Historic district in Pennsylvania, United States

The Middle Pickering Rural Historic District also known as the Pickering & Pigeon Run Rural Historic District, is a national historic district that is located in Charlestown Township, East Pikeland Township, and West Pikeland Township, Chester County, Pennsylvania.

It was listed on the National Register of Historic Places in 1991.

==History and architectural features==
Adjacent to the Charlestown Village Historic District, the Middle Pickering Rural Historic District encompasses seventy-six contributing buildings, five contributing sites, and fifteen contributing structures that are located in rural northern Chester County. Included in this district are farmsteads that date to the eighteenth or nineteenth centuries, two Lutheran churches and cemeteries, the sites of two small industrial complexes, and the village of Merlin. Also located in the district but listed separately is the Oskar G. Stonorov House.
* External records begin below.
(* Let $V$ be a valuation domain with quotient field $K$, and let $W_1,W_2$ be torsion extensions of $V$ to $K(X)$, with valuations $w_1,w_2$ and maximal ideals $M_1,M_2$. Then: (1) The following are equivalent: (a) $w_1\le w_2$; (b) $W_1\cap K[X]\subseteq W_2\cap K[X]$; (c) $M_1\cap K[X]\subseteq M_2\cap K[X]$. (2) $W_1=W_2$ if and only if $W_1\cap K[X]=W_2\cap K[X]$, if and only if $M_1\cap K[X]=M_2\cap K[X]$. (3) The set $\mathcal{W}_{\mathrm t}$ of torsion extensions of $V$ to $K(X)$ is partially ordered by $\le$.
   Context: Let $v$ be the valuation of $V$, $\Gamma_v$ its value group, $\Gamma_{\overline{v}}=\Gamma_v\otimes_{\mathbb{Z}}\mathbb{Q}$. An extension of $V$ to $K(X)$ is a valuation domain $W$ of $K(X)$ with $W\cap K=V$; it is a torsion extension if its value group $\Gamma_w$ is contained in $\Gamma_{\overline{v}}$ (i.e. $\Gamma_w/\Gamma_v$ is torsion). For torsion extensions, $w_1\le w_2$ means $w_1(f)\le w_2(f)$ in $\Gamma_{\overline{v}}$ for all $f\in K[X]$. *)

theory Defs
  imports "HOL-Computational_Algebra.Polynomial" "HOL-Computational_Algebra.Fraction_Field"
begin

text \<open>A (Krull) valuation on a field, given on the nonzero elements
  (the value at 0 is irrelevant and stands for infinity).\<close>
definition valuation :: "('k::field \<Rightarrow> 'g::linordered_ab_group_add) \<Rightarrow> bool" where
  "valuation v \<longleftrightarrow>
     (\<forall>x y. x \<noteq> 0 \<longrightarrow> y \<noteq> 0 \<longrightarrow> v (x * y) = v x + v y) \<and>
     (\<forall>x y. x \<noteq> 0 \<longrightarrow> y \<noteq> 0 \<longrightarrow> x + y \<noteq> 0 \<longrightarrow> min (v x) (v y) \<le> v (x + y))"

definition val_ring :: "('k::field \<Rightarrow> 'g::linordered_ab_group_add) \<Rightarrow> 'k set" where
  "val_ring v = {x. x = 0 \<or> 0 \<le> v x}"

definition max_ideal :: "'k::field set \<Rightarrow> 'k set" where
  "max_ideal W = {x \<in> W. x = 0 \<or> inverse x \<notin> W}"

definition const_fr :: "'a::field \<Rightarrow> 'a poly fract" where
  "const_fr c = Fract [:c:] 1"

definition poly_fr :: "'a::field poly \<Rightarrow> 'a poly fract" where
  "poly_fr p = Fract p 1"

definition Kpoly :: "'a::field poly fract set" where
  "Kpoly = range poly_fr"

definition gmult :: "nat \<Rightarrow> 'g::linordered_ab_group_add \<Rightarrow> 'g" where
  "gmult n x = ((+) x ^^ n) 0"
==Pickering Creek Bridge==
Built in 1894 by John Denithorne and Sons of Phoenixville, Pennsylvania. It is a metal 6 Panel Pin-Connected Pratt Full-Slope Pony Truss, measuring roughly 80' long and 14' wide. The bridge was rehabilitated in 1999, whereby the original historic truss bridge was technically replaced with a steel stringer bridge. The truss webs were attached to this replacement bridge as decorations. The wooden roadway slats were retained or replaced with period-appropriate material--a rarity for bridge renovations; however, the replacement of this bridge resulted in a loss of what may have been the unique variety of fishbelly floorbeam.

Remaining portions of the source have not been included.